Robert Jaeger

673 days ago
Edited by Sophia B Liu , Robert Jaeger 673 days ago
#GeoViz Notes
Sophia L Proof-of-Concepts
  • Accessed the USGS data on minerals and environmental health...
  • Not presented in a common format
  • No real standard
Robert J
  • A lot of work to extract data and make it usable; pdf data may be scraped, however it is then without useful data delimiters. This requires semi-manual 'cleaning' of data sets prior to use in visualization or analysis tools.
Sophia L
  • Some are directly consumable but not all, it varies
  • No index, context, metadata file, no map of where the data is
  • Data not presented in the most consumable way
  • Linking to where the data came from like the spreadsheet
  • Suggesting an approach across the agency, department, or federal government
Robert J
  • Purpose of PDF is a semi platform agnostic presentation for human eyes, not for further digital analysis.
Sophia L
  • Want to access the lower level data and not only the high level stuff
  • Just pointing to the data that already exists to produce the PDF may be sufficient in many cases.
Robert J
  • Consumability of data is paramount
  • Overall, the large amount of high quality data is excellent. The challenge is 1. finding the data of interest; this includes high level site and file formatting, indices, etc. 2. consuming those data; this includes issues of 'inside the file' data formatting, ease of extraction into CSV or similar format, presence and quality of metadata, attributions etc, and potential for 'marking' or noting where data was found, for future reference; some datasets and individual elements may be linked to via URL, others not. 
  • Adoption of indexed, hierarchical standards enterprise wide at least, preferably federal government wide, would dramatically improve data usability for all consumers.
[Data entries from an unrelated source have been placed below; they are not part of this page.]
definition ar_le :: "(nat \<Rightarrow> 'r \<Rightarrow> 'b set) \<Rightarrow> 'b set \<Rightarrow> 'b set \<Rightarrow> bool" where
  "ar_le r s t \<longleftrightarrow> (\<exists>X i j. s = r i X \<and> t = r j X \<and> i \<le> j)"

definition ar_less :: "(nat \<Rightarrow> 'r \<Rightarrow> 'b set) \<Rightarrow> 'b set \<Rightarrow> 'b set \<Rightarrow> bool" where
  "ar_less r s t \<longleftrightarrow> (\<exists>X i j. s = r i X \<and> t = r j X \<and> i < j)"

definition ar_len :: "(nat \<Rightarrow> 'r \<Rightarrow> 'b set) \<Rightarrow> 'b set \<Rightarrow> nat" where
  "ar_len r s = (THE i. \<exists>X. s = r i X)"

definition basic_set :: "('r \<Rightarrow> 'r \<Rightarrow> bool) \<Rightarrow> (nat \<Rightarrow> 'r \<Rightarrow> 'b set) \<Rightarrow> 'b set \<Rightarrow> 'r \<Rightarrow> 'r set" where
  "basic_set le r s X = {Y. init_seg r s Y \<and> le Y X}"

(* depth_X(s) (only meaningful when finite, i.e. \<exists>i. lefin s (r i X)) *)
definition depth :: "('b set \<Rightarrow> 'b set \<Rightarrow> bool) \<Rightarrow> (nat \<Rightarrow> 'r \<Rightarrow> 'b set) \<Rightarrow> 'r \<Rightarrow> 'b set \<Rightarrow> nat" where
  "depth lefin r X s = (LEAST i. lefin s (r i X))"

definition rn_basic :: "('b set \<Rightarrow> 'b set \<Rightarrow> bool) \<Rightarrow> (nat \<Rightarrow> 'r \<Rightarrow> 'b set) \<Rightarrow> nat \<Rightarrow> 'b set \<Rightarrow> 'r \<Rightarrow> 'b set set" where
  "rn_basic lefin r n s X = {t \<in> ARn r n. ar_less r s t \<and> (\<exists>j. lefin t (r j X))}"

definition axiom_A1 :: "(nat \<Rightarrow> 'r \<Rightarrow> 'b set) \<Rightarrow> bool" where
  "axiom_A1 r \<longleftrightarrow>
     (\<forall>X. r 0 X = {}) \<and>
     (\<forall>X Y. X \<noteq> Y \<longrightarrow> (\<exists>i. r i X \<noteq> r i Y)) \<and>
     (\<forall>i j X Y. r i X = r j Y \<longrightarrow> i = j \<and> (\<forall>k<i. r k X = r k Y))"

definition axiom_A2 :: "('r \<Rightarrow> 'r \<Rightarrow> bool) \<Rightarrow> (nat \<Rightarrow> 'r \<Rightarrow> 'b set) \<Rightarrow> ('b set \<Rightarrow> 'b set \<Rightarrow> bool) \<Rightarrow> bool" where
  "axiom_A2 le r lefin \<longleftrightarrow>
     (\<forall>s\<in>AR r. lefin s s) \<and>
     (\<forall>s\<in>AR r. \<forall>t\<in>AR r. \<forall>u\<in>AR r. lefin s t \<longrightarrow> lefin t u \<longrightarrow> lefin s u) \<and>
     (\<forall>s\<in>AR r. finite {t \<in> AR r. lefin t s}) \<and>
     (\<forall>X Y. le X Y \<longleftrightarrow> (\<forall>i. \<exists>j. lefin (r i X) (r j Y))) \<and>
     (\<forall>s\<in>AR r. \<forall>t\<in>AR r. \<forall>u\<in>AR r. ar_le r s t \<longrightarrow> lefin t u \<longrightarrow>
         (\<exists>v. ar_le r v u \<and> lefin s v))"

definition axiom_A4 :: "('r \<Rightarrow> 'r \<Rightarrow> bool) \<Rightarrow> (nat \<Rightarrow> 'r \<Rightarrow> 'b set) \<Rightarrow> ('b set \<Rightarrow> 'b set \<Rightarrow> bool) \<Rightarrow> bool" where
  "axiom_A4 le r lefin \<longleftrightarrow>
     (\<forall>s\<in>AR r. \<forall>Y \<O>. (\<exists>i. lefin s (r i Y)) \<longrightarrow> \<O> \<subseteq> ARn r (ar_len r s + 1) \<longrightarrow>
        (\<exists>X \<in> basic_set le r (r (depth lefin r Y s) Y) Y.
            rn_basic lefin r (ar_len r s + 1) s X \<subseteq> \<O> \<or>
            rn_basic lefin r (ar_len r s + 1) s X \<inter> \<O> = {}))"

definition nontrivial :: "('r \<Rightarrow> 'r \<Rightarrow> bool) \<Rightarrow> (nat \<Rightarrow> 'r \<Rightarrow> 'b set) \<Rightarrow> ('b set \<Rightarrow> 'b set \<Rightarrow> bool) \<Rightarrow> bool" where
  "nontrivial le r lefin \<longleftrightarrow>
     (\<forall>s\<in>AR r. \<forall>X. basic_set le r s X \<noteq> {} \<longrightarrow>
        infinite (rn_basic lefin r (ar_len r s + 1) s X))"

end

theory Submission
  imports Defs
begin

text \<open>
  An injective sequence has a nonstandard ideal value, so it suffices to show that the set of
  one-step extensions t of s = r_n(X) lying in AR|X is infinite. Applying A.4 to this set at s
  gives X' in [s, X] such that all of r_{n+1}[s, X'] lies in the set or none of it does;
  r_{n+1}(X') lies in both, hence all of r_{n+1}[s, X'] does, and that set is infinite by
  non-triviality. For A.4 to return X' through s one needs depth_X(r_n(X)) = n, which follows by
  induction on n from the same homogeneity argument applied to a singleton.
\<close>

lemma r_eq_imp_index_eq:
  assumes "axiom_A1 r" and "r i X = r j Y"
  shows "i = j"
  using assms unfolding axiom_A1_def by blast

lemma r_eq_imp_prefix_eq:
  assumes "axiom_A1 r" and "r i X = r i Y" and "k \<le> i"
  shows "r k X = r k Y"
  using assms unfolding axiom_A1_def by (metis le_neq_implies_less)

lemma ar_len_r [simp]:
  assumes "axiom_A1 r"
  shows "ar_len r (r n X) = n"
  unfolding ar_len_def
proof (rule the_equality)
  show "\<exists>Y. r n X = r n Y"
    by blast
qed (use r_eq_imp_index_eq[OF assms] in metis)

lemma r_in_AR [simp]: "r n X \<in> AR r"
  unfolding AR_def by blast

lemma lefin_r_refl:
  assumes "axiom_A2 le r lefin"
  shows "lefin (r n X) (r n X)"
proof -
  have "\<forall>s\<in>AR r. lefin s s"
    using assms unfolding axiom_A2_def by (rule conjunct1)
  then show ?thesis
    by simp
qed

lemma axiom_A4D:
  assumes "axiom_A4 le r lefin" and "s \<in> AR r" and "lefin s (r i Y)"
    and "T \<subseteq> ARn r (ar_len r s + 1)"
  obtains X where "X \<in> basic_set le r (r (depth lefin r Y s) Y) Y"
    and "rn_basic lefin r (ar_len r s + 1) s X \<subseteq> T \<or> rn_basic lefin r (ar_len r s + 1) s X \<inter> T = {}"
  using assms unfolding axiom_A4_def by blast

lemma nontrivialD:
  assumes "nontrivial le r lefin" and "s \<in> AR r" and "X \<in> basic_set le r s X'"
  shows "infinite (rn_basic lefin r (ar_len r s + 1) s X')"
  using assms unfolding nontrivial_def by blast

lemma basic_set_r_iff:
  assumes "axiom_A1 r"
  shows "Y \<in> basic_set le r (r n X) X' \<longleftrightarrow> le Y X' \<and> r n Y = r n X"
proof -
  have "(\<exists>k. r n X = r k Y) \<longleftrightarrow> r n Y = r n X"
    using r_eq_imp_index_eq[OF assms, of n X _ Y] by auto
  then show ?thesis
    unfolding basic_set_def init_seg_def by auto
qed

lemma infinite_if_meets_all_rn_basic:
  assumes refl: "\<forall>X. le X X"
    and A1: "axiom_A1 r" and A2: "axiom_A2 le r lefin" and A4: "axiom_A4 le r lefin"
    and NT: "nontrivial le r lefin"
    and depth: "depth lefin r X (r n X) = n"
    and T_sub: "T \<subseteq> ARn r (Suc n)"
    and meets: "\<And>X'. le X' X \<Longrightarrow> r n X' = r n X \<Longrightarrow> rn_basic lefin r (Suc n) (r n X) X' \<inter> T \<noteq> {}"
  shows "infinite T"
proof -
  have "T \<subseteq> ARn r (ar_len r (r n X) + 1)"
    using T_sub A1 by simp
  then obtain X' where
    "X' \<in> basic_set le r (r (depth lefin r X (r n X)) X) X" and
    "rn_basic lefin r (ar_len r (r n X) + 1) (r n X) X' \<subseteq> T \<or>
     rn_basic lefin r (ar_len r (r n X) + 1) (r n X) X' \<inter> T = {}"
    by (rule axiom_A4D[OF A4 r_in_AR lefin_r_refl[OF A2]])
  then have "X' \<in> basic_set le r (r n X) X" and
    hom: "rn_basic lefin r (Suc n) (r n X) X' \<subseteq> T \<or> rn_basic lefin r (Suc n) (r n X) X' \<inter> T = {}"
    using A1 by (simp_all add: depth)
  then have X'_le: "le X' X" and X'_n: "r n X' = r n X"
    by (simp_all add: basic_set_r_iff[OF A1])
  with hom meets have sub: "rn_basic lefin r (Suc n) (r n X) X' \<subseteq> T"
    by blast
  have "X' \<in> basic_set le r (r n X) X'"
    using refl X'_n by (simp add: basic_set_r_iff[OF A1])
  then have "infinite (rn_basic lefin r (Suc n) (r n X) X')"
    using nontrivialD[OF NT r_in_AR] by (simp add: ar_len_r[OF A1])
  with sub show ?thesis
    using finite_subset by blast
qed

lemma depth_r_self:
  assumes refl: "\<forall>X. le X X"
    and A1: "axiom_A1 r" and A2: "axiom_A2 le r lefin" and A4: "axiom_A4 le r lefin"
    and NT: "nontrivial le r lefin"
  shows "depth lefin r X (r n X) = n"
proof (induction n arbitrary: X)
  case 0
  show ?case
    unfolding depth_def using lefin_r_refl[OF A2] by (rule Least_eq_0)
next
  case (Suc m)
  have no_drop: "\<not> lefin (r (Suc m) X) (r d X)" if "d < Suc m" for d
  proof
    assume drop: "lefin (r (Suc m) X) (r d X)"
    have "rn_basic lefin r (Suc m) (r m X) X' \<inter> {r (Suc m) X} \<noteq> {}"
      if "r m X' = r m X" for X'
    proof -
      have "r d X' = r d X"
        using r_eq_imp_prefix_eq[OF A1 \<open>r m X' = r m X\<close>] \<open>d < Suc m\<close> by simp
      then have "lefin (r (Suc m) X) (r d X')"
        using drop by simp
      moreover have "ar_less r (r m X) (r (Suc m) X)"
        unfolding ar_less_def by blast
      ultimately show ?thesis
        unfolding rn_basic_def ARn_def by auto
    qed
    moreover have "{r (Suc m) X} \<subseteq> ARn r (Suc m)"
      unfolding ARn_def by blast
    ultimately have "infinite {r (Suc m) X}"
      by (intro infinite_if_meets_all_rn_basic[OF refl A1 A2 A4 NT Suc.IH])
    then show False
      by simp
  qed
  show ?case
    unfolding depth_def
  proof (rule Least_equality)
    show "lefin (r (Suc m) X) (r (Suc m) X)"
      by (rule lefin_r_refl[OF A2])
  next
    fix d
    assume "lefin (r (Suc m) X) (r d X)"
    then show "Suc m \<le> d"
      using no_drop[of d] by (cases "d < Suc m") auto
  qed
qed

lemma infinite_one_step_extensions_below:
  assumes refl: "\<forall>X. le X X"
    and A1: "axiom_A1 r" and A2: "axiom_A2 le r lefin" and A4: "axiom_A4 le r lefin"
    and NT: "nontrivial le r lefin"
  shows "infinite ({t \<in> ARn r (Suc n). ar_le r (r n X) t} \<inter> AR_restr le r X)"
proof (rule infinite_if_meets_all_rn_basic[OF refl A1 A2 A4 NT depth_r_self[OF refl A1 A2 A4 NT]])
  fix X' assume X'_le: "le X' X" and X'_n: "r n X' = r n X"
  have "ar_less r (r n X) (r (Suc n) X')"
    unfolding ar_less_def using X'_n by (intro exI[of _ X'] exI[of _ n] exI[of _ "Suc n"]) simp
  moreover have "ar_le r (r n X) (r (Suc n) X')"
    unfolding ar_le_def using X'_n by (intro exI[of _ X'] exI[of _ n] exI[of _ "Suc n"]) simp
  moreover have "r (Suc n) X' \<in> ARn r (Suc n)" and "r (Suc n) X' \<in> AR_restr le r X"
    unfolding ARn_def AR_restr_def using X'_le by blast+
  ultimately have "r (Suc n) X' \<in> rn_basic lefin r (Suc n) (r n X) X' \<inter>
               ({t \<in> ARn r (Suc n). ar_le r (r n X) t} \<inter> AR_restr le r X)"
    using lefin_r_refl[OF A2] unfolding rn_basic_def by blast
  then show "rn_basic lefin r (Suc n) (r n X) X' \<inter>
               ({t \<in> ARn r (Suc n). ar_le r (r n X) t} \<inter> AR_restr le r X) \<noteq> {}"
    by blast
qed blast

lemma free_ultrafilter_not_eventually_const_if_inj:
  assumes U: "free_ultrafilter_nat U" and "inj \<phi>"
  shows "\<not> eventually (\<lambda>i. \<phi> i = a) U"
proof
  assume ev: "eventually (\<lambda>i. \<phi> i = a) U"
  have "eventually (\<lambda>i. i \<noteq> inv \<phi> a) U"
    using U unfolding free_ultrafilter_nat_def by blast
  with ev have "eventually (\<lambda>i. \<phi> i = a \<and> i \<noteq> inv \<phi> a) U"
    by (rule eventually_conj)
  then have "eventually (\<lambda>i. False) U"
    by (rule eventually_mono) (use \<open>inj \<phi>\<close> in auto)
  then show False
    using U unfolding free_ultrafilter_nat_def by (simp add: eventually_False)
qed

lemma exists_nonstandard_in_star_of_infinite:
  assumes U: "free_ultrafilter_nat U" and "infinite A"
  shows "\<exists>\<phi>. (\<forall>i. \<phi> i \<in> A) \<and> (\<forall>a. \<not> eventually (\<lambda>i. \<phi> i = a) U)"
proof -
  obtain \<phi> :: "nat \<Rightarrow> _" where "inj \<phi>" and "range \<phi> \<subseteq> A"
    using infinite_countable_subset[OF \<open>infinite A\<close>] by blast
  show ?thesis
  proof (intro exI conjI allI)
    show "\<phi> i \<in> A" for i
      using \<open>range \<phi> \<subseteq> A\<close> by blast
    show "\<not> eventually (\<lambda>i. \<phi> i = a) U" for a
      by (rule free_ultrafilter_not_eventually_const_if_inj[OF U \<open>inj \<phi>\<close>])
  qed
qed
This use of standardization would also be the most obvious metric to use to both demonstrate compliance to government open data requirements and thus block potential legal questions and accusations, as well as to enable and encourage increase in 'value of the USGS' brand on these data. These metric uses are clearly also the easiest and clearest ways for internal USGS elements to demonstrate value for professional uses. 
Data Issues that Arose during Hackathon
  • The "Site code" column often contains superscript values for footnotes. In Table 19 this causes problems. An additional row is included for a site when additional samples were collected, and the site code is superscripted with a "1".  :(